══ Data to use
(* Let $U:SO(3)\times\mathbb{R}\to\mathbb{R}_{\ge0}$ be a potential function with respect to $\mathcal{A}_o=(I_3,0)$ and let $\Theta\subset\mathbb{R}$ be a nonempty finite set. Suppose that: - $\mathcal{A}_o\in\Psi_U$ and there is $\delta>0$ with $\mu_U(R,\theta)>\delta$ for all $(R,\theta)\in\Psi_U\setminus\{\mathcal{A}_o\}$; - there is $c_\psi>0$ with $\|\psi(R^\top\nabla_RU(R,\theta))\|\le c_\psi$ for all $(R,\theta)\in SO(3)\times\mathbb{R}$. Let $0<\delta'<\delta$ and $0<\varrho<(\delta-\delta')/c_\psi^2$. Then $\mu_W(R,\theta,\zeta)>\delta'$ for all $(R,\theta,\zeta)\in\Psi_W\setminus\{\widehat{\mathcal{A}}_o\}$.
   Context: Notation. - $\psi(A)=\tfrac12[a_{32}-a_{23},a_{13}-a_{31},a_{21}-a_{12}]^\top$ for $A=[a_{ij}]\in\mathbb{R}^{3\times3}$. - $\nabla_RU(R,\theta)\in T_RSO(3)=\{R\Omega:\Omega^\top=-\Omega\}$ is the gradient in $R$ with respect to the metric $\langle R\Omega_1,R\Omega_2\rangle_R=\mathrm{tr}(\Omega_1^\top\Omega_2)$, and $\nabla_\theta U$ is the partial derivative in $\theta$. - A potential function with respect to $(I_3,0)$ is continuously differentiable, nonnegative, and vanishes exactly at $(I_3,0)$. - $\Psi_U=\{(R,\theta):\nabla_RU=0,\nabla_\theta U=0\}$ and $\mu_U(R,\theta)=U(R,\theta)-\min_{\theta'\in\Theta}U(R,\theta')$. - $W(R,\theta,\zeta)=U(R,\theta)+\varrho\|\zeta-\psi(R^\top\nabla_RU(R,\theta))\|^2$ on $SO(3)\times\mathbb{R}\times\mathbb{R}^3$, and $\mu_W(R,\theta,\zeta)=W(R,\theta,\zeta)-\min_{\theta'\in\Theta}W(R,\theta',\zeta)$. - $\widehat{\mathcal{A}}_o=(I_3,0,0)$ and $\Psi_W=\{(R,\theta,\zeta):(R,\theta)\in\Psi_U,\ \zeta=0\}$. *)

theory Defs
  imports "HOL-Analysis.Analysis"
begin

type_synonym mat3 = "real^3^3"

definition SO3 :: "mat3 set" where
  "SO3 = {R. orthogonal_matrix R \<and> det R = 1}"

text \<open>psi(A) = 1/2 [a32 - a23, a13 - a31, a21 - a12]; indices 1,2,3 of the paper are
  the elements 1,2,3 of the numeral type 3.\<close>
definition psi :: "mat3 \<Rightarrow> real^3" where
  "psi A = (\<chi> k. if k = 1 then (A$3$2 - A$2$3) / 2
                 else if k = 2 then (A$1$3 - A$3$1) / 2
                 else (A$2$1 - A$1$2) / 2)"

definition tangent_SO3 :: "mat3 \<Rightarrow> mat3 set" where
  "tangent_SO3 R = {R ** \<Omega> | \<Omega>. transpose \<Omega> = - \<Omega>}"

text \<open>Metric <R Om1, R Om2>_R = tr(Om1^T Om2).\<close>
definition metric_SO3 :: "mat3 \<Rightarrow> mat3 \<Rightarrow> mat3 \<Rightarrow> real" where
  "metric_SO3 R G V = trace (transpose (transpose R ** G) ** (transpose R ** V))"

text \<open>gR, gth are the gradients (w.r.t. R in the metric above, and w.r.t. theta) of
  U : SO(3) x R -> R, and U is continuously differentiable: the gradients are continuous
  and the chain rule holds along every differentiable curve in SO(3) x R.\<close>
definition C1_gradients ::
  "(mat3 \<Rightarrow> real \<Rightarrow> real) \<Rightarrow> (mat3 \<Rightarrow> real \<Rightarrow> mat3) \<Rightarrow> (mat3 \<Rightarrow> real \<Rightarrow> real) \<Rightarrow> bool" where
  "C1_gradients U gR gth \<longleftrightarrow>
     continuous_on (SO3 \<times> UNIV) (\<lambda>(R, \<theta>). gR R \<theta>) \<and>
     continuous_on (SO3 \<times> UNIV) (\<lambda>(R, \<theta>). gth R \<theta>) \<and>
     (\<forall>R\<in>SO3. \<forall>\<theta>. gR R \<theta> \<in> tangent_SO3 R) \<and>
     (\<forall>(\<gamma>::real \<Rightarrow> mat3) (\<eta>::real \<Rightarrow> real) t V a.
        (\<forall>s. \<gamma> s \<in> SO3) \<longrightarrow> (\<gamma> has_vector_derivative V) (at t) \<longrightarrow>
        (\<eta> has_real_derivative a) (at t) \<longrightarrow>
        ((\<lambda>s. U (\<gamma> s) (\<eta> s)) has_real_derivative
           (metric_SO3 (\<gamma> t) (gR (\<gamma> t) (\<eta> t)) V + gth (\<gamma> t) (\<eta> t) * a)) (at t))"

definition potential_function ::
  "(mat3 \<Rightarrow> real \<Rightarrow> real) \<Rightarrow> (mat3 \<Rightarrow> real \<Rightarrow> mat3) \<Rightarrow> (mat3 \<Rightarrow> real \<Rightarrow> real) \<Rightarrow> bool" where
  "potential_function U gR gth \<longleftrightarrow> C1_gradients U gR gth \<and>
     (\<forall>R\<in>SO3. \<forall>\<theta>. U R \<theta> \<ge> 0) \<and>
     (\<forall>R\<in>SO3. \<forall>\<theta>. U R \<theta> = 0 \<longleftrightarrow> R = mat 1 \<and> \<theta> = 0)"

definition Psi_U :: "(mat3 \<Rightarrow> real \<Rightarrow> mat3) \<Rightarrow> (mat3 \<Rightarrow> real \<Rightarrow> real) \<Rightarrow> (mat3 \<times> real) set" where
  "Psi_U gR gth = {(R, \<theta>). R \<in> SO3 \<and> gR R \<theta> = 0 \<and> gth R \<theta> = 0}"

definition mu_U :: "(mat3 \<Rightarrow> real \<Rightarrow> real) \<Rightarrow> real set \<Rightarrow> mat3 \<Rightarrow> real \<Rightarrow> real" where
  "mu_U U \<Theta> R \<theta> = U R \<theta> - Min ((\<lambda>\<theta>'. U R \<theta>') ` \<Theta>)"

definition W_fun :: "(mat3 \<Rightarrow> real \<Rightarrow> real) \<Rightarrow> (mat3 \<Rightarrow> real \<Rightarrow> mat3) \<Rightarrow> real \<Rightarrow>
    mat3 \<Rightarrow> real \<Rightarrow> real^3 \<Rightarrow> real" where
  "W_fun U gR \<rho> R \<theta> \<zeta> = U R \<theta> + \<rho> * (norm (\<zeta> - psi (transpose R ** gR R \<theta>)))\<^sup>2"

definition mu_W :: "(mat3 \<Rightarrow> real \<Rightarrow> real) \<Rightarrow> (mat3 \<Rightarrow> real \<Rightarrow> mat3) \<Rightarrow> real \<Rightarrow> real set \<Rightarrow>
    mat3 \<Rightarrow> real \<Rightarrow> real^3 \<Rightarrow> real" where
  "mu_W U gR \<rho> \<Theta> R \<theta> \<zeta> =
     W_fun U gR \<rho> R \<theta> \<zeta> - Min ((\<lambda>\<theta>'. W_fun U gR \<rho> R \<theta>' \<zeta>) ` \<Theta>)"

definition Psi_W :: "(mat3 \<Rightarrow> real \<Rightarrow> mat3) \<Rightarrow> (mat3 \<Rightarrow> real \<Rightarrow> real) \<Rightarrow> (mat3 \<times> real \<times> (real^3)) set" where
  "Psi_W gR gth = {(R, \<theta>, \<zeta>). (R, \<theta>) \<in> Psi_U gR gth \<and> \<zeta> = 0}"

end

theory Submission
  imports Defs
begin

text \<open>At a critical point of \<open>U\<close> with \<open>\<zeta> = 0\<close> the penalty term of \<open>W\<close> vanishes, so \<open>W = U\<close>
  there, while at every \<open>\<theta>'\<close> the penalty is at most \<open>\<rho> c\<^sub>\<psi>\<^sup>2\<close>. Hence
  \<open>\<mu>\<^sub>W \<ge> \<mu>\<^sub>U - \<rho> c\<^sub>\<psi>\<^sup>2 > \<delta> - (\<delta> - \<delta>') = \<delta>'\<close>.\<close>

lemma psi_zero [simp]: "psi 0 = 0"
  by (simp add: psi_def vec_eq_iff)

lemma W_fun_eq_U_if_gradient_zero:
  assumes "gR R \<theta> = 0"
  shows "W_fun U gR \<rho> R \<theta> 0 = U R \<theta>"
  using assms by (simp add: W_fun_def)

lemma W_fun_le_U_add:
  assumes "\<rho> \<ge> 0" and "norm (psi (transpose R ** gR R \<theta>)) \<le> c"
  shows "W_fun U gR \<rho> R \<theta> 0 \<le> U R \<theta> + \<rho> * c\<^sup>2"
proof -
  have "(norm (psi (transpose R ** gR R \<theta>)))\<^sup>2 \<le> c\<^sup>2"
    using assms(2) by (simp add: power_mono)
  then show ?thesis
    using assms(1) by (simp add: W_fun_def mult_left_mono)
qed

lemma Min_image_le_Min_image_add:
  fixes f g :: "'a \<Rightarrow> 'b::linordered_ab_group_add"
  assumes "finite A" "A \<noteq> {}" and "\<And>x. x \<in> A \<Longrightarrow> g x \<le> f x + c"
  shows "Min (g ` A) \<le> Min (f ` A) + c"
proof -
  have "Min (f ` A) \<in> f ` A"
    using assms(1,2) by (intro Min_in) auto
  then obtain x where x: "x \<in> A" and Min_f: "Min (f ` A) = f x"
    by auto
  have "Min (g ` A) \<le> g x"
    using assms(1) x by simp
  also have "\<dots> \<le> Min (f ` A) + c"
    unfolding Min_f using assms(3) x .
  finally show ?thesis .
qed

lemma mu_W_ge_mu_U_diff_if_gradient_zero:
  assumes "finite \<Theta>" "\<Theta> \<noteq> {}" and "\<rho> \<ge> 0" and "gR R \<theta> = 0"
    and "\<And>\<theta>'. norm (psi (transpose R ** gR R \<theta>')) \<le> c"
  shows "mu_W U gR \<rho> \<Theta> R \<theta> 0 \<ge> mu_U U \<Theta> R \<theta> - \<rho> * c\<^sup>2"
proof -
  have "Min ((\<lambda>\<theta>'. W_fun U gR \<rho> R \<theta>' 0) ` \<Theta>) \<le> Min ((\<lambda>\<theta>'. U R \<theta>') ` \<Theta>) + \<rho> * c\<^sup>2"
    using assms by (intro Min_image_le_Min_image_add W_fun_le_U_add)
  then show ?thesis
    using assms(4) by (simp add: mu_W_def mu_U_def W_fun_eq_U_if_gradient_zero)
qed

theorem lemma1:
  fixes U :: "mat3 \<Rightarrow> real \<Rightarrow> real"
    and gR :: "mat3 \<Rightarrow> real \<Rightarrow> mat3"
    and gth :: "mat3 \<Rightarrow> real \<Rightarrow> real"
    and \<Theta> :: "real set"
    and \<delta> \<delta>' c\<^sub>\<psi> \<rho> :: real
  assumes pot: "potential_function U gR gth"
    and fin: "finite \<Theta>" and ne: "\<Theta> \<noteq> {}"
    and crit: "(mat 1, 0) \<in> Psi_U gR gth"
    and dpos: "\<delta> > 0"
    and gap: "\<forall>(R, \<theta>) \<in> Psi_U gR gth - {(mat 1, 0)}. mu_U U \<Theta> R \<theta> > \<delta>"
    and cpos: "c\<^sub>\<psi> > 0"
    and bnd: "\<forall>R\<in>SO3. \<forall>\<theta>. norm (psi (transpose R ** gR R \<theta>)) \<le> c\<^sub>\<psi>"
    and d': "0 < \<delta>'" "\<delta>' < \<delta>"
    and rho: "0 < \<rho>" "\<rho> < (\<delta> - \<delta>') / c\<^sub>\<psi>\<^sup>2"
  shows "\<forall>(R, \<theta>, \<zeta>) \<in> Psi_W gR gth - {(mat 1, 0, 0)}. mu_W U gR \<rho> \<Theta> R \<theta> \<zeta> > \<delta>'"
proof -
  have "mu_W U gR \<rho> \<Theta> R \<theta> 0 > \<delta>'"
    if U_crit: "(R, \<theta>) \<in> Psi_U gR gth" and ne_origin: "(R, \<theta>) \<noteq> (mat 1, 0)" for R \<theta>
  proof -
    have mu_U_gap: "mu_U U \<Theta> R \<theta> > \<delta>"
      using U_crit ne_origin gap by blast
    have "R \<in> SO3" "gR R \<theta> = 0"
      using U_crit by (simp_all add: Psi_U_def)
    then have "mu_W U gR \<rho> \<Theta> R \<theta> 0 \<ge> mu_U U \<Theta> R \<theta> - \<rho> * c\<^sub>\<psi>\<^sup>2"
      using fin ne rho(1) bnd by (intro mu_W_ge_mu_U_diff_if_gradient_zero) auto
    moreover have "\<rho> * c\<^sub>\<psi>\<^sup>2 < \<delta> - \<delta>'"
      using rho(2) cpos by (simp add: pos_less_divide_eq)
    ultimately show ?thesis
      using mu_U_gap by linarith
  qed
  then show ?thesis
    unfolding Psi_W_def by blast
qed

end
════
◆ **Instructions for the task**: Each line of the data that holds the word "every" should be copied.

◆ **Reply**:
  and the chain rule holds along every differentiable curve in SO(3) x R.\<close>
  there, while at every \<open>\<theta>'\<close> the penalty is at most \<open>\<rho> c\<^sub>\<psi>\<^sup>2\<close>. Hence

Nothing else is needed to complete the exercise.